◆ **Brief**
Report each line of the entries that includes "excluded" by copying it.

━━━━━ Data listing

(* Consider the single-block on-chain auction game described in the context with $n\ge 2$ (so $N=\{0,1,\dots,n\}$) and reserve price $r=0$, where bidder 0's value is $\mathrm{Uniform}[0,1]$ and bidders $1$ through $n$ have values i.i.d. with density $f$ and CDF $F$ on $[0,1]$ satisfying $\int_0^v F^{n-1}(\theta)\,d\theta\le \frac{v}{n}$ for all $v\in[0,1]$. Let $\underline{v}$ solve $$\int_0^1 F^{n-1}(\theta)\,d\theta-\int_{\underline{v}}^1 F^n(\theta)\,d\theta=\frac{n+1}{n-1}\int_0^{\underline{v}}F^{n-1}(\theta)\,d\theta.$$ Then the following strategy profile constitutes an equilibrium: (i) Bidders $1$ through $n$ bid truthfully and tip $t(v)=0$ if $v<\underline{v}$ and $t(v)=\frac12\int_{\underline{v}}^v F^{n-1}(\theta)\,d\theta$ otherwise, where $v$ is the bidder's value. (ii) Bidder 0, as a function of the observed tips $t_1,\dots,t_n$ and his value $v_0$, bribes (i.e. pays $\sum_i t_i$ to the proposer in exchange for excluding bidder $1$ through $n$'s bids) if $\sum_{i=1}^n t_i\le v_0$ and does not bribe if $\sum_{i=1}^n t_i>v_0$; moreover bidder 0 submits a truthful nonzero bid if and only if he bribes. (iii) The proposer accepts bidder 0's bribe whenever it is offered and excludes the other bids; otherwise the proposer includes all bids.
   Context: Single-block on-chain auction game. A seller has one indivisible good; there are $n+1$ buyers $N=\{0,1,\dots,n\}$ with quasilinear utilities and independent private values ($v_0\sim F_0$, $v_1,\dots,v_n$ i.i.d. $\sim F$, supports $[0,1]$), common knowledge. The seller runs a sealed-bid second-price auction with reserve $r$ in a single block built by a single profit-maximizing proposer. Timing: buyers learn values; buyers $1,\dots,n$ simultaneously submit a private bid $b_i$ and a public tip $t_i\ge0$; buyer 0 observes the tips and $v_0$, may make the proposer a take-it-or-leave-it offer of a subset $S\subseteq\{1,\dots,n\}$ and a payment $p$ to exclude the bids in $S$, and submits his own bid $b_0$; the proposer accepts iff $p\ge\sum_{i\in S}t_i$ (then includes exactly the bids of $N\setminus S$ and receives $p$), otherwise includes all bids; the second-price auction is computed on included bids (highest included bid wins if at least $r$, paying the maximum of $r$ and the other included bids). A bidder pays his tip iff his bid is included. Solution concept: perfect Bayesian equilibrium restricted to profiles in which (a) bidders $1,\dots,n$ bid truthfully and use a common tipping function of their value, and (b) bidder 0 bids his value if, given the tips, he assigns positive probability to winning, and otherwise bids $0$ or does not bid; these are called equilibria. *)

theory Defs
  imports "HOL-Probability.Probability"
begin

text \<open>Buyers are indexed by naturals:
  buyer 0 is the special buyer, buyers 1..n are the others; the buyer set is {0..n}.
  A value vector / tip vector / bid vector is a function nat to real (only the
  coordinates 1..n are meaningful).\<close>

type_synonym vec = "nat \<Rightarrow> real"

text \<open>An action of buyer 0: an optional take-it-or-leave-it offer (S, p) to the proposer
  (exclude the bids in S in exchange for payment p) and an optional own bid
  (None = buyer 0 does not bid).\<close>
type_synonym action0 = "(nat set \<times> real) option \<times> real option"

definition valid_action0 :: "nat \<Rightarrow> action0 \<Rightarrow> bool" where
  "valid_action0 n a = (case fst a of None \<Rightarrow> True
      | Some (S, p) \<Rightarrow> S \<subseteq> {1..n} \<and> 0 \<le> p)"

definition proposer_accepts :: "vec \<Rightarrow> nat set \<Rightarrow> real \<Rightarrow> bool" where
  "proposer_accepts \<tau> S p \<longleftrightarrow> (\<Sum>i\<in>S. \<tau> i) \<le> p"

definition excluded :: "vec \<Rightarrow> (nat set \<times> real) option \<Rightarrow> nat set" where
  "excluded \<tau> off = (case off of None \<Rightarrow> {}
      | Some (S, p) \<Rightarrow> if proposer_accepts \<tau> S p then S else {})"

definition bribe_paid :: "vec \<Rightarrow> (nat set \<times> real) option \<Rightarrow> real" where
  "bribe_paid \<tau> off = (case off of None \<Rightarrow> 0
      | Some (S, p) \<Rightarrow> if proposer_accepts \<tau> S p then p else 0)"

━━━━━━━━━━

◆ **Reply to the task**
definition excluded :: "vec \<Rightarrow> (nat set \<times> real) option \<Rightarrow> nat set" where
  "excluded \<tau> off = (case off of None \<Rightarrow> {}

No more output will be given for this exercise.